In the fastener looseness judging step, as shown in fig. 12, the overlook two-dimensional image obtained in the fastener key measuring point positioning step is0The region of the key measuring point of the elastic strip is longitudinally expanded, the longitudinally expanded key measuring point region is divided into i parts by adopting density-based method clustering (such as DBSCAN clustering method), and the average height h of each part is respectively obtainediaveThe lowest average height portion is the fastener reference point region, which has an average height h'iaveI.e. the average height h of the reference point area of the insulating block2And whether the cable is loosened or not can be judged through the height difference between the key measuring point and the insulating block.
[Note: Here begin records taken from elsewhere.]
section \<open>Hyperplane weights and the polynomials c_k\<close>

definition hyp_weight :: "(nat \<Rightarrow> 'a set) \<Rightarrow> nat \<Rightarrow> ((nat \<Rightarrow> 'a) \<Rightarrow> real) \<Rightarrow> (nat \<Rightarrow> real)
    \<Rightarrow> nat set \<Rightarrow> real" where
  "hyp_weight S a P \<delta> G =
     cI S a P (G \<inter> {1..a}) * (\<Prod>j\<in>G - {1..a}. 1 / ((1 - \<delta> j) * real (card (S j))))"

lemma hyp_weight_low:
  assumes "G \<subseteq> {1..a}"
  shows "hyp_weight S a P \<delta> G = cI S a P G"
proof -
  have "G \<inter> {1..a} = G" "G - {1..a} = {}"
    using assms by auto
  then show ?thesis
    unfolding hyp_weight_def by (simp only: prod.empty mult_1_right)
qed

lemma hyp_weight_insert:
  assumes "a < i" "i \<notin> G" "finite G"
  shows "hyp_weight S a P \<delta> (insert i G) = hyp_weight S a P \<delta> G / ((1 - \<delta> i) * real (card (S i)))"
proof -
  have "insert i G \<inter> {1..a} = G \<inter> {1..a}" "insert i G - {1..a} = insert i (G - {1..a})"
    using assms(1) by auto
  then show ?thesis
    using assms(2,3) by (simp add: hyp_weight_def)
qed

lemma ck_Suc:
  assumes "a \<le> j"
  shows "ck S a P \<delta> (Suc j) t = ck S a P \<delta> j t * (1 + t / ((1 - \<delta> (Suc j)) * real (card (S (Suc j)))))"
proof -
  have "{a+1..Suc j} = insert (Suc j) {a+1..j}"
    using assms by auto
  then show ?thesis
    by (simp add: ck_def sum_distrib_left mult_ac)
qed

lemma sum_Pow_hyp_weight:
  "a \<le> j \<Longrightarrow> (\<Sum>U\<in>Pow {1..j}. t ^ card U * hyp_weight S a P \<delta> U) = ck S a P \<delta> j t"
proof (induction j rule: nat_induct_at_least)
  case base
  then show ?case
    by (auto simp: ck_def hyp_weight_low mult.commute intro!: sum.cong)
next
  case (Suc j)
  let ?D = "(1 - \<delta> (Suc j)) * real (card (S (Suc j)))"
  have "(\<Sum>U\<in>Pow {1..Suc j}. t ^ card U * hyp_weight S a P \<delta> U)
      = (\<Sum>U\<in>Pow {1..j}. t ^ card U * hyp_weight S a P \<delta> U)
      + (\<Sum>U\<in>Pow {1..j}. t ^ card (insert (Suc j) U) * hyp_weight S a P \<delta> (insert (Suc j) U))"
    by (simp add: atLeastAtMostSuc_conv sum_Pow_insert)
  also have "(\<Sum>U\<in>Pow {1..j}. t ^ card (insert (Suc j) U) * hyp_weight S a P \<delta> (insert (Suc j) U))
      = t / ?D * (\<Sum>U\<in>Pow {1..j}. t ^ card U * hyp_weight S a P \<delta> U)"
    unfolding sum_distrib_left
  proof (intro sum.cong refl)
    fix U assume "U \<in> Pow {1..j}"
    then have "Suc j \<notin> U" "finite U"
      by (auto intro: finite_subset)
    then show "t ^ card (insert (Suc j) U) * hyp_weight S a P \<delta> (insert (Suc j) U)
        = t / ?D * (t ^ card U * hyp_weight S a P \<delta> U)"
      using Suc.hyps by (simp add: hyp_weight_insert)
  qed
  finally show ?case
    using Suc by (simp add: ck_Suc algebra_simps)
qed

lemma Nk_memD:
  assumes "F \<in> Nk Fs k"
  shows "k \<in> F \<and> F - {k} \<subseteq> {1..k - 1}"
proof -
  have F: "F \<subseteq> {1..k}" "\<not> F \<subseteq> {1..k - 1}"
    using assms by (auto simp: Nk_def Fk_def)
  then obtain i where "i \<in> F" "k - 1 < i"
    by (meson atLeastAtMost_iff not_le_imp_less subset_iff)
  with F(1) have "i = k"
    by force
  with \<open>i \<in> F\<close> F(1) show ?thesis
    by auto
qed

lemma finite_Nk: "finite (Nk Fs k)"
  by (rule finite_subset[of _ "Pow {1..k}"]) (auto simp: Nk_def Fk_def)

definition Nk_traces :: "nat set set \<Rightarrow> nat \<Rightarrow> nat set set" where
  "Nk_traces Fs k = (\<lambda>F. F - {k}) ` Nk Fs k"

lemma inj_on_Nk_trace: "inj_on (\<lambda>F. F - {k}) (Nk Fs k)"
  by (rule inj_onI) (metis Nk_memD insert_Diff)

lemma Nk_traces_subset: "Nk_traces Fs k \<subseteq> Pow {1..k - 1}"
  using Nk_memD by (fastforce simp: Nk_traces_def)

lemma empty_notin_Nk_traces:
  assumes "\<forall>F\<in>Nk Fs k. card F \<noteq> 1"
  shows "{} \<notin> Nk_traces Fs k"
proof
  assume "{} \<in> Nk_traces Fs k"
  then obtain F where F: "F \<in> Nk Fs k" "F - {k} = {}"
    by (auto simp: Nk_traces_def)
  then have "F = {k}"
    using Nk_memD by blast
  then show False
    using assms F(1) by auto
qed

lemma alpha_le_card_Nk:
  "alpha S A Fs k x \<le> (\<Sum>F\<in>Nk Fs k. of_bool (\<forall>i\<in>F - {k}. x i = A F i)) / real (card (S k))"
proof -
  let ?Y = "{y \<in> S k. x(k := y) \<in> Bk S A Fs k}"
  let ?N = "{F \<in> Nk Fs k. \<forall>i\<in>F - {k}. x i = A F i}"
  have "?Y \<subseteq> (\<lambda>F. A F k) ` ?N"
  proof
    fix y assume "y \<in> ?Y"
    then obtain F where F: "F \<in> Nk Fs k" "inHyp A F (x(k := y))"
      by (auto simp: Bk_def)
    have "k \<in> F"
      using F(1) by (simp add: Nk_memD)
    then have "y = A F k"
      using F(2) unfolding inHyp_def by (metis fun_upd_same)
    have "x i = A F i" if "i \<in> F - {k}" for i
      using F(2) that unfolding inHyp_def by (metis DiffD1 DiffD2 fun_upd_other singletonI)
    with F(1) have "F \<in> ?N"
      by blast
    with \<open>y = A F k\<close> show "y \<in> (\<lambda>F. A F k) ` ?N"
      by blast
  qed
  then have "card ?Y \<le> card ((\<lambda>F. A F k) ` ?N)"
    by (rule card_mono[rotated]) (use finite_Nk in auto)
  also have "\<dots> \<le> card ?N"
    by (rule card_image_le) (use finite_Nk in auto)
  finally have "card ?Y \<le> card ?N" .
  moreover have "(\<Sum>F\<in>Nk Fs k. of_bool (\<forall>i\<in>F - {k}. x i = A F i)) = real (card ?N)"
    using finite_Nk by (simp add: Collect_conj_eq Int_commute)
  ultimately show ?thesis
    unfolding alpha_def by (simp add: divide_right_mono)
qed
Specifically, the fastener looseness judging step is to directly calculate the overlook two-dimensional image obtained in the fastener key measuring point positioning step0Height average h of fastener key point area in1H is to be1H in the step of locating the fastener reference point2Calculating difference to obtain height difference delta h between the key point area and the reference point areaMeasuringComparison of Δ hMeasuringA standard value Δ h of the distanceStandard of meritWhether the difference is greater than the threshold value U or not, so as to judge whether the fastener is loosened or not and determine the standard value delta hStandard of meritDetermining the distance between the key point area of the standard fastener and the insulating block according to the standard design value of the fastener; the threshold U is an acceptable fastener loosening range, and is set according to the operating environment.
Example 2
As a preferred embodiment of the present invention, this embodiment discloses a fastener looseness detection method based on a three-dimensional point cloud combined with a two-dimensional image processing technology, as shown in fig. 1, including a steel rail positioning step, a fastener key measuring point positioning step, a fastener reference point positioning step, and a fastener looseness determining step, specifically:
in the rail positioning step, as shown in fig. 2, a threshold value range Z is set according to height information in a three-dimensional point cloud of the track acquired by a three-dimensional acquisition system through the three-dimensional point cloud of the track acquired by the three-dimensional acquisition systemrailmin~ZrailmaxAs shown in fig. 3, the track three-dimensional point cloud is filtered through a threshold range, and the height information setting threshold range depends on the distance between the three-dimensional acquisition equipment and the track surface and is a prior threshold; then, as shown in fig. 4, density clustering is carried out on the filtered three-dimensional point clouds of the track, external cubic coordinates of the point clouds of the left and right steel rails are respectively obtained, specifically, the density clustering is to calculate the distance between every two three-dimensional point clouds in the three-dimensional point clouds by setting a distance judgment threshold value, and the distance is calculatedDividing the point of the point cloud of the left and right steel rails into a cluster, wherein the clustering method is a mature technology for applying a clustering method to three dimensions, the position relation of the fasteners and the steel rails determines that the fasteners are always positioned in external cubic coordinates of the point cloud of the left and right steel rails, namely the external cubic coordinates are obtained for the purpose of carrying out primary division on the area where the fasteners are positioned, and the coordinates of two opposite angles of the external cubic are set as (x) two-point coordinatesmin,ymin,zmin) And (x)max,ymax,zmax) It should be noted that the X, Y, Z directions of the front, back, left, right, upper, lower and coordinate points referred to in the description of the present invention are all relative position-limited descriptions for easier understanding of the technical solution, and are not absolute orientation limitations.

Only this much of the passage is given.